В ноте, направленной полномочным представителем Японии в СССР Наотакэ Сато в день подписания Протокола, 30 марта 1944 г., заместителю министра иностранных дел СССР С.А. Лозовскому, подписавшему этот документ, выражалось согласие закрыть на период до окончания войны на Тихом океане рыболовные участки у восточного побережья полуострова Камчатки и в Олюторском заливе[377].

1 апреля 1944 г., на следующий день после подписания протоколов о ликвидации японских концессий на Северном Сахалине и продлении японо-советской рыболовной конвенции, все японские газеты поместили полные тексты этих документов и коммюнике информбюро Японии, в котором, как отмечал полномочный представитель СССР в Японии Я.А. Малик, подписанные советско-японские протоколы нарочито тесно увязывались с договоренностями между Токио и Москвой, зафиксированными в советско-японском пакте о нейтралитете 1941 г.[378].

В коммюнике информбюро официальные власти Японии пытались скрыть вынужденный характер уступок Токио, связанных с укреплением позиции СССР на международной арене в результате побед на фронтах войны с фашистской Германией и ухудшения международных позиций Японии вследствие ее поражений в войне на Тихом океане с союзниками СССР. Пытаясь скрыть тревогу, вызванную коренным переломом во Второй мировой войне в пользу держав антифашистской коалиции и развалом после поражения Италии в 1943 г. блока «держав оси», заключивших тройственный пакт, официальные крути Токио стремились представить подписанные протоколы не как вынужденные уступки, сделанные Японией в результате активизации советской дипломатии в новых, благоприятно складывающихся условиях, а как фактор стабилизации и однозначного укрепления советско-японских отношений.

К сожалению, в некоторых работах, опубликованных в России и Японии в последние годы, лишь констатируется такая односторонняя оценка этих документов в японской печати[379], но не делается важный вывоз, а именно – что Токио при этом допустил серьезный просчет, не учтя того, что И.В. Сталин, идя на эти дипломатические шаги, с одной стороны, укреплял экономические позиции СССР на Дальнем Востоке, а с другой – стремился усыпить бдительность Японии после того, как на Московской конференции министров иностранных дел СССР, США и Великобритании в октябре 1943 г. в торге по вопросу о скорейшем открытии второго фронта против Германии он заверил Соединенные Штаты в том, что Советский Союз вступит в войну против Японии по окончании войны в Европе, даже если это потребовалось бы сделать вопреки пакту о нейтралитете между СССР и Японией, до вступления в силу Устава ООН, который предусматривал принятие коллективных мер против агрессоров (ст. 1, 103, 107).

В заключение можно сделать вывод, что препятствия, которые взаимно чинились судоходству на Дальнем Востоке (преимущественно Японией), объяснялись с обеих сторон военными и военно-политическими соображениями – участием СССР в коалиции с США и Великобританией и Японии – в союзе с Германией и Италией на основе тройственного пакта.

С ухудшением военного положения союзников Японии, а следовательно – и самой Японии задержания советских судов, идущих со стратегическими грузами из США, из опасения военного столкновения с СССР прекратились.
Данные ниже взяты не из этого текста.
lemma conv_coordinate_in_bounds:
  assumes \<sigma>: "\<sigma> \<in> Tsp d D" and \<tau>: "\<tau> \<in> Tsp d D" and w: "w \<in> D"
    and V: "openin (ambient D) V" "\<sigma> \<in> V" and \<tau>_bounded: "\<tau> \<in> bounded_shifts d D V (q, w) a b"
  shows "conv d D \<sigma> \<tau> (q, w) \<in> {a..b}"
proof -
  obtain x where x: "defining_seq d D x \<sigma>"
    using Tsp_defining_seq[OF \<sigma>] .
  then have "\<forall>\<^sub>F n in sequentially. bar d D (x n) \<in> V"
    using V unfolding defining_seq_def limitin_def by blast
  then have "\<forall>\<^sub>F n in sequentially. \<tau> (q, w - real_of_rat q *\<^sub>R x n) \<in> {a..b}"
    using \<tau>_bounded x w by (auto simp: bounded_shifts_def shifted_def defining_seq_def elim: eventually_mono)
  then show ?thesis
    using Lim_in_closed_set[OF closed_atLeastAtMost _ _ conv_coordinate_tendsto[OF \<sigma> \<tau> x w]] by simp
qed

lemma conv_coordinate_bounded_shifts:
  assumes \<sigma>: "\<sigma> \<in> Tsp d D" and \<tau>: "\<tau> \<in> Tsp d D" and w: "w \<in> D"
    and conv: "conv d D \<sigma> \<tau> (q, w) \<in> {a<..<b}"
  shows "\<exists>F. finite F \<and> F \<subseteq> (UNIV \<times> D) \<times> UNIV \<and> \<sigma> \<in> rat_box (UNIV \<times> D) F
           \<and> \<tau> \<in> bounded_shifts d D (rat_box (UNIV \<times> D) F) (q, w) a b"
proof (rule ccontr)
  assume none: "\<not> ?thesis"
  define S where "S = {v \<in> D. \<tau> (q, w - real_of_rat q *\<^sub>R v) \<notin> {a..b}}"
  have "\<sigma> \<in> ambient D closure_of (bar d D ` S)"
    unfolding ambient_def
  proof (rule in_closure_of_if_rat_boxes_meet)
    show "\<sigma> \<in> topspace (powertop_real (UNIV \<times> D))"
      using \<sigma> Tsp_subset_topspace[of d D] unfolding ambient_def by blast
    fix F assume F: "finite F" "F \<subseteq> (UNIV \<times> D) \<times> UNIV" "\<sigma> \<in> rat_box (UNIV \<times> D) F"
    then have "\<tau> \<notin> bounded_shifts d D (rat_box (UNIV \<times> D) F) (q, w) a b"
      using none by blast
    then obtain v where v: "v \<in> D" "bar d D v \<in> rat_box (UNIV \<times> D) F"
      and "shifted D \<tau> v (q, w) \<notin> {a..b}"
      using \<tau> Tsp_subset_topspace unfolding bounded_shifts_def by blast
    then have "v \<in> S"
      using w by (simp add: S_def shifted_def)
    with v show "rat_box (UNIV \<times> D) F \<inter> bar d D ` S \<noteq> {}"
      by blast
  qed
  moreover have "S \<subseteq> D"
    by (auto simp: S_def)
  ultimately obtain x where x: "defining_seq d D x \<sigma>" and "range x \<subseteq> S"
    by (rule defining_seq_in_closure)
  have outside: "\<tau> (q, w - real_of_rat q *\<^sub>R x n) \<notin> {a<..<b}" for n
  proof -
    have "x n \<in> S"
      using \<open>range x \<subseteq> S\<close> by blast
    then show ?thesis
      by (auto simp: S_def)
  qed
  have "\<forall>\<^sub>F n in sequentially. \<tau> (q, w - real_of_rat q *\<^sub>R x n) \<in> {a<..<b}"
    using topological_tendstoD[OF conv_coordinate_tendsto[OF \<sigma> \<tau> x w] open_greaterThanLessThan conv] .
  then obtain n where "\<tau> (q, w - real_of_rat q *\<^sub>R x n) \<in> {a<..<b}"
    using eventually_sequentially by auto
  with outside show False
    by blast
qed

lemma conv_coordinate_preimage_eq:
  assumes w: "w \<in> D"
  shows "{p \<in> Tsp d D \<times> Tsp d D. conv d D (fst p) (snd p) (q, w) \<in> {c0<..<c1}} =
    (\<Union>(F, a, b) \<in> {F. finite F \<and> F \<subseteq> (UNIV \<times> D) \<times> UNIV} \<times> {(a, b). c0 < of_rat a \<and> of_rat b < c1}.
       (rat_box (UNIV \<times> D) F \<times> bounded_shifts d D (rat_box (UNIV \<times> D) F) (q, w) (of_rat a) (of_rat b))
       \<inter> (Tsp d D \<times> Tsp d D))"
  (is "?lhs = (\<Union>(F, a, b) \<in> ?idx. ?piece F a b)")
proof (intro equalityI subsetI)
  fix p assume "p \<in> ?lhs"
  then obtain \<sigma> \<tau> where p: "p = (\<sigma>, \<tau>)" and \<sigma>: "\<sigma> \<in> Tsp d D" and \<tau>: "\<tau> \<in> Tsp d D"
    and c: "c0 < conv d D \<sigma> \<tau> (q, w)" "conv d D \<sigma> \<tau> (q, w) < c1"
    by (cases p) auto
  obtain a where a: "c0 < of_rat a" "of_rat a < conv d D \<sigma> \<tau> (q, w)"
    using of_rat_dense[OF c(1)] by blast
  obtain b where b: "conv d D \<sigma> \<tau> (q, w) < of_rat b" "of_rat b < c1"
    using of_rat_dense[OF c(2)] by blast
  have "conv d D \<sigma> \<tau> (q, w) \<in> {of_rat a<..<of_rat b}"
    using a(2) b(1) by simp
  from conv_coordinate_bounded_shifts[OF \<sigma> \<tau> w this]
  obtain F where "finite F" "F \<subseteq> (UNIV \<times> D) \<times> UNIV" "\<sigma> \<in> rat_box (UNIV \<times> D) F"
    "\<tau> \<in> bounded_shifts d D (rat_box (UNIV \<times> D) F) (q, w) (of_rat a) (of_rat b)"
    by blast
  with a(1) b(2) \<sigma> \<tau> have "(F, a, b) \<in> ?idx" and "p \<in> ?piece F a b"
    by (simp_all add: p)
  then show "p \<in> (\<Union>(F, a, b) \<in> ?idx. ?piece F a b)"
    by blast
next
  fix p assume "p \<in> (\<Union>(F, a, b) \<in> ?idx. ?piece F a b)"
  then obtain F a b \<sigma> \<tau> where "(F, a, b) \<in> ?idx" and p: "p = (\<sigma>, \<tau>)" and "p \<in> ?piece F a b"
    by auto
  then have F: "finite F" "F \<subseteq> (UNIV \<times> D) \<times> UNIV" and ab: "c0 < of_rat a" "of_rat b < c1"
    and \<sigma>: "\<sigma> \<in> Tsp d D" "\<sigma> \<in> rat_box (UNIV \<times> D) F"
    and \<tau>: "\<tau> \<in> Tsp d D" "\<tau> \<in> bounded_shifts d D (rat_box (UNIV \<times> D) F) (q, w) (of_rat a) (of_rat b)"
    by simp_all
  have "openin (ambient D) (rat_box (UNIV \<times> D) F)"
    using openin_rat_box[OF F] by (simp add: ambient_def)
  from conv_coordinate_in_bounds[OF \<sigma>(1) \<tau>(1) w this \<sigma>(2) \<tau>(2)] ab \<sigma>(1) \<tau>(1)
  show "p \<in> ?lhs"
    by (simp add: p)
qed

lemma fsigma_in_rat_box_Times_bounded_shifts:
  assumes "finite F" and "F \<subseteq> (UNIV \<times> D) \<times> UNIV" and "w \<in> D"
  shows "fsigma_in (prod_topology (ambient D) (ambient D))
    (rat_box (UNIV \<times> D) F \<times> bounded_shifts d D (rat_box (UNIV \<times> D) F) (q, w) a b)"
proof -
  have "fsigma_in (ambient D) (rat_box (UNIV \<times> D) F)"
    using open_imp_fsigma_in[OF metrizable_space_ambient] openin_rat_box[OF assms(1,2)]
    by (simp add: ambient_def)
  from fsigma_in_Times_closedin[OF this closedin_bounded_shifts[OF assms(3)]] show ?thesis .
qed

lemma fsigma_in_conv_coordinate_preimage:
  assumes w: "w \<in> D"
  defines "X \<equiv> subtopology (prod_topology (ambient D) (ambient D)) (Tsp d D \<times> Tsp d D)"
  shows "fsigma_in X {p \<in> topspace X. (\<lambda>(\<sigma>, \<tau>). conv d D \<sigma> \<tau>) p (q, w) \<in> {c0<..<c1}}"
proof -
  let ?idx = "{F :: ((rat \<times> 'a) \<times> rat \<times> rat) set. finite F \<and> F \<subseteq> (UNIV \<times> D) \<times> UNIV} \<times> {(a, b). c0 < of_rat a \<and> of_rat b < c1}"
  have "topspace X = Tsp d D \<times> Tsp d D"
    using Tsp_subset_topspace by (auto simp: X_def)
  then have "{p \<in> topspace X. (\<lambda>(\<sigma>, \<tau>). conv d D \<sigma> \<tau>) p (q, w) \<in> {c0<..<c1}} =
      {p \<in> Tsp d D \<times> Tsp d D. conv d D (fst p) (snd p) (q, w) \<in> {c0<..<c1}}"
    by (auto simp: case_prod_beta)
  moreover have "countable ?idx"
    by (intro countable_SIGMA countable_rat_box_indices countableI_type countable_D)
  moreover have "fsigma_in X ((rat_box (UNIV \<times> D) F \<times>
        bounded_shifts d D (rat_box (UNIV \<times> D) F) (q, w) (of_rat a) (of_rat b)) \<inter> (Tsp d D \<times> Tsp d D))"
    if "(F, a, b) \<in> ?idx" for F a b
    using fsigma_in_rat_box_Times_bounded_shifts[of F w] that w
    unfolding X_def fsigma_in_subtopology by blast
  ultimately show ?thesis
    unfolding conv_coordinate_preimage_eq[OF w] by (auto intro!: fsigma_in_Union)
qed

theorem baire1_map_conv:
  "baire1_map (subtopology (prod_topology (ambient D) (ambient D)) (Tsp d D \<times> Tsp d D))
     (subtopology (ambient D) (Tsp d D)) (\<lambda>(\<sigma>, \<tau>). conv d D \<sigma> \<tau>)"
proof (rule baire1_map_into_subtopology)
  let ?X = "subtopology (prod_topology (ambient D) (ambient D)) (Tsp d D \<times> Tsp d D)"
  have into_Tsp: "(\<lambda>(\<sigma>, \<tau>). conv d D \<sigma> \<tau>) \<in> topspace ?X \<rightarrow> Tsp d D"
    using conv_in_Tsp by auto
  have "baire1_map ?X (powertop_real (UNIV \<times> D)) (\<lambda>(\<sigma>, \<tau>). conv d D \<sigma> \<tau>)"
  proof (rule baire1_map_powertop_real)
    show "countable (UNIV \<times> D :: (rat \<times> 'a) set)"
      using countable_D by simp
    have "Tsp d D \<subseteq> topspace (powertop_real (UNIV \<times> D))"
      using Tsp_subset_topspace by (simp add: ambient_def)
    with into_Tsp show "(\<lambda>(\<sigma>, \<tau>). conv d D \<sigma> \<tau>) \<in> topspace ?X \<rightarrow> topspace (powertop_real (UNIV \<times> D))"
      using Pi_mono[of "topspace ?X" "\<lambda>_. Tsp d D"] by blast
    fix i :: "rat \<times> 'a" and a b :: real
    assume "i \<in> UNIV \<times> D"
    then obtain q w where "i = (q, w)" and "w \<in> D"
      by auto
    then show "fsigma_in ?X {p \<in> topspace ?X. (\<lambda>(\<sigma>, \<tau>). conv d D \<sigma> \<tau>) p i \<in> {a<..<b}}"
      using fsigma_in_conv_coordinate_preimage[of w q a b] by simp
  qed
  then show "baire1_map ?X (ambient D) (\<lambda>(\<sigma>, \<tau>). conv d D \<sigma> \<tau>)"
    by (simp only: ambient_eq_powertop_real[symmetric])
  show "(\<lambda>(\<sigma>, \<tau>). conv d D \<sigma> \<tau>) \<in> topspace ?X \<rightarrow> Tsp d D"
    by (fact into_Tsp)
qed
Это вызвало даже обвинения со стороны Риббентропа в нарушении союзнического долга – например в беседах с послом Японии в Берлине Осима 25 марта и 18 апреля 1943 г. – и породило кризис в японо-германских отношениях[380].

Что касается международно-правовой оценки этого вопроса, в Приложении А «Агрессия (Японии) против СССР» к обвинительному акту и приговору Токийского процесса над главными японскими военными преступниками (1946—1948) все препятствия, которые чинились советскому судоходству, рассматривались как носящие характер косвенной подготовки к войне против Советского Союза в нарушение пакта о нейтралитете. В действительности в целом ряде случаев меры, предпринятые Японией, имели характер реторсий – ограничительных мер в ответ на ограничительные меры другой стороны в рамках международного права – или репрессалий – неправомерных действий в ответ на неправомерные действия другой стороны или применение права, впрочем не бесспорного, на досмотр иностранных нейтральных судов, проходящих через территориальные воды Японии, в особенности в условиях военного времени.

После закрытия советской стороной в начале 1941 г. пароходной линии Владивосток – Цуруга, что было, по утверждению Токио, сопряжено с экономическим ущербом для Японии и минированием советской стороной Татарского пролива, японская сторона ввела ограничения на плавание судов под флагом СССР через японские проливы[381].

Особенно важным, с точки зрения исторической истины, представляется вывод, что все советские суда в бассейне Тихого океана, которые советской стороной считались в период Второй мировой войны потопленными японскими подводными лодками (а это явилось одним из оснований для обвинения Японии в нарушении советско-японского пакта о нейтралитете 1941 г. при объявленной ей войны со стороны СССР), на самом деле потоплены подводными лодками США, командование которых намеренно создавало таким образом угрозу для Советского Союза войны на два фронта – не только с Германией, но и с Японией – и в результате этого могла возникнуть опасность его поражения во Второй мировой войне.

6. СОВЕТСКО-ЯПОНСКИЕ КОНФЛИКТЫ В СВЯЗИ С ПРЕПЯТСТВИЯМИ СУДОХОДСТВУ В МОРЯХ ДАЛЬНЕГО ВОСТОКА

Этот вопрос имеет важное значение в связи с утверждением зарубежной, в частности латышской, историографии о том, что с июля 1941 г. СССР в нарушение международного права с помощью дрейфующих мин развязал в Японском море настоящую «войну, которая стала причиной гибели многих японских судов»[382].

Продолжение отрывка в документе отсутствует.